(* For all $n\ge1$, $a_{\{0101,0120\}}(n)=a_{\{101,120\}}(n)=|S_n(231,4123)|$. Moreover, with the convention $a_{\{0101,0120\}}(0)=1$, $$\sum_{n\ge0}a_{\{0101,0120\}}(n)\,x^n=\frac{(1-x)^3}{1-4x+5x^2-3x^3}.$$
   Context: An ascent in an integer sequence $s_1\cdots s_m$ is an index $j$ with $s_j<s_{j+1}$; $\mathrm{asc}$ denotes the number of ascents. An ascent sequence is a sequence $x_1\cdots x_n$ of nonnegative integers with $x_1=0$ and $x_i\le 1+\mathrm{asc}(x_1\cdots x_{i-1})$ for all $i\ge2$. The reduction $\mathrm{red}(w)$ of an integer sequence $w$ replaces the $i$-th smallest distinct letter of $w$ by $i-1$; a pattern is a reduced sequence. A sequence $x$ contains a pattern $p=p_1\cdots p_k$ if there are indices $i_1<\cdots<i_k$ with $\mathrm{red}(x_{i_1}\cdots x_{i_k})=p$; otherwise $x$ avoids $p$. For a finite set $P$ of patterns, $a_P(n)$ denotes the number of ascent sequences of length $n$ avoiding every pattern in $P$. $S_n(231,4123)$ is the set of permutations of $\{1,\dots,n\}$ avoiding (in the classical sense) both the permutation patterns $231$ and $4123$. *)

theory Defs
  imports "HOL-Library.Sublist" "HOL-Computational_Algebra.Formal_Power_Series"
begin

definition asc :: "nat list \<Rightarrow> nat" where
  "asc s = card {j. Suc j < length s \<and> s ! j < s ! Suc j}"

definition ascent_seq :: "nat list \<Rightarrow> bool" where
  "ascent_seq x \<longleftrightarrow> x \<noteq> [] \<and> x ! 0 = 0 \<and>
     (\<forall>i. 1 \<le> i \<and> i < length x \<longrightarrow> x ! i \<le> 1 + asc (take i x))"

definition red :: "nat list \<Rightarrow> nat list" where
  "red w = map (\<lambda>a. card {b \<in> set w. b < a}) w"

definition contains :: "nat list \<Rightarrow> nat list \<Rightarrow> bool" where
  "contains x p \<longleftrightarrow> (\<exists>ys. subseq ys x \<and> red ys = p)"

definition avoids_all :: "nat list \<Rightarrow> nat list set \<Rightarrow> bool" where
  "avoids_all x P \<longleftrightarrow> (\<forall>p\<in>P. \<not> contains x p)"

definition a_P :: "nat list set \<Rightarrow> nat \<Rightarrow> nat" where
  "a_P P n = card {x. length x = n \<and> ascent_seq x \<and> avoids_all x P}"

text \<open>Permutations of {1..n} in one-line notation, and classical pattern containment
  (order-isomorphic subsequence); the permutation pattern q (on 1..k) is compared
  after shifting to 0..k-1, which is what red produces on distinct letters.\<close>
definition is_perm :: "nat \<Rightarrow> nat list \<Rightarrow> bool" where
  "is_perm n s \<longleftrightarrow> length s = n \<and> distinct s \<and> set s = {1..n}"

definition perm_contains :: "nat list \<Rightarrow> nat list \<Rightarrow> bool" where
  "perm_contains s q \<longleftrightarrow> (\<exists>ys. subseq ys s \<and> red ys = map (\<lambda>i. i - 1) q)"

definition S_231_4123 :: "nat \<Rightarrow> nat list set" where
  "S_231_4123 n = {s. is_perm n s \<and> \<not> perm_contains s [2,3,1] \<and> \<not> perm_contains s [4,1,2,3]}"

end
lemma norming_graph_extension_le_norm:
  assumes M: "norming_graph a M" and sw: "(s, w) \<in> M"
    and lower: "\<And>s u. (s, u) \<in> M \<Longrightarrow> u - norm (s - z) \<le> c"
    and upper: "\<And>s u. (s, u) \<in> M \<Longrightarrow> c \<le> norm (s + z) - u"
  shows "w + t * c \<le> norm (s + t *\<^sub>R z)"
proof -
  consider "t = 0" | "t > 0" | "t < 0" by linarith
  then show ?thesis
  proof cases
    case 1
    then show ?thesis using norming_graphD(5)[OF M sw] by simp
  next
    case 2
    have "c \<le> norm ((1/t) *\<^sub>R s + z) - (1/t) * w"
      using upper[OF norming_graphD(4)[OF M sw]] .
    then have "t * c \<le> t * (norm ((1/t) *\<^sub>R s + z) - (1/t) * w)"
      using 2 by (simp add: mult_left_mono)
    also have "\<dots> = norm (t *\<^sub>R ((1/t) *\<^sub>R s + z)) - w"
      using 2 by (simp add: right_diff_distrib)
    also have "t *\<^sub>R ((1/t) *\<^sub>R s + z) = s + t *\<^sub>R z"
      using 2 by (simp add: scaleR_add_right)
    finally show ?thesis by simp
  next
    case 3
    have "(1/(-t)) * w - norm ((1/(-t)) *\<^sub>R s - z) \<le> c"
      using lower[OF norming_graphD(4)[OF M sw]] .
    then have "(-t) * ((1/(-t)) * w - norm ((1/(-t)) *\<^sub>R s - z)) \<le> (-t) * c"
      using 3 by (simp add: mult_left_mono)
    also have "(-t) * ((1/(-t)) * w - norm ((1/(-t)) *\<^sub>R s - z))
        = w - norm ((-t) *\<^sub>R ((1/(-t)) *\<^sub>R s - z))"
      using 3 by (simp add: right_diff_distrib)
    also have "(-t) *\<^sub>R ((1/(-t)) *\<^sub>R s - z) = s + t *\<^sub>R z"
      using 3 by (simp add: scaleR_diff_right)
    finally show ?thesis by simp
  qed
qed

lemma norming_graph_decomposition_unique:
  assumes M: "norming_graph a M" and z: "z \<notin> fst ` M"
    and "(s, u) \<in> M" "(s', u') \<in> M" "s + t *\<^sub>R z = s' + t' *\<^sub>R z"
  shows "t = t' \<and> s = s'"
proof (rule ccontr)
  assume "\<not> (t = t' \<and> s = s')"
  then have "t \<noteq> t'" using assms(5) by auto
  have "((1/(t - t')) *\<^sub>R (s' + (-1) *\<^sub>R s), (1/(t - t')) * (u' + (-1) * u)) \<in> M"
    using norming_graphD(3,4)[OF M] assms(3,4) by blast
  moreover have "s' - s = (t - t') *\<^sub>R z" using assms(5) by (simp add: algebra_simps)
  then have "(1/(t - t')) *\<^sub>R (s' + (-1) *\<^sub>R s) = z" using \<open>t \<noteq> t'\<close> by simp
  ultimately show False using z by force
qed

_ _ _ _ _ _ _

_EXERCISE OBJECTIVE_. Return only the lines between the one holding "- norm ((-t)" and the one holding "using norming_graphD(3,4)[OF M]", inclusive, exactly as they appear above.

_ANSWER BOX_.
        = w - norm ((-t) *\<^sub>R ((1/(-t)) *\<^sub>R s - z))"
      using 3 by (simp add: right_diff_distrib)
    also have "(-t) *\<^sub>R ((1/(-t)) *\<^sub>R s - z) = s + t *\<^sub>R z"
      using 3 by (simp add: scaleR_diff_right)
    finally show ?thesis by simp
  qed
qed

lemma norming_graph_decomposition_unique:
  assumes M: "norming_graph a M" and z: "z \<notin> fst ` M"
    and "(s, u) \<in> M" "(s', u') \<in> M" "s + t *\<^sub>R z = s' + t' *\<^sub>R z"
  shows "t = t' \<and> s = s'"
proof (rule ccontr)
  assume "\<not> (t = t' \<and> s = s')"
  then have "t \<noteq> t'" using assms(5) by auto
  have "((1/(t - t')) *\<^sub>R (s' + (-1) *\<^sub>R s), (1/(t - t')) * (u' + (-1) * u)) \<in> M"
    using norming_graphD(3,4)[OF M] assms(3,4) by blast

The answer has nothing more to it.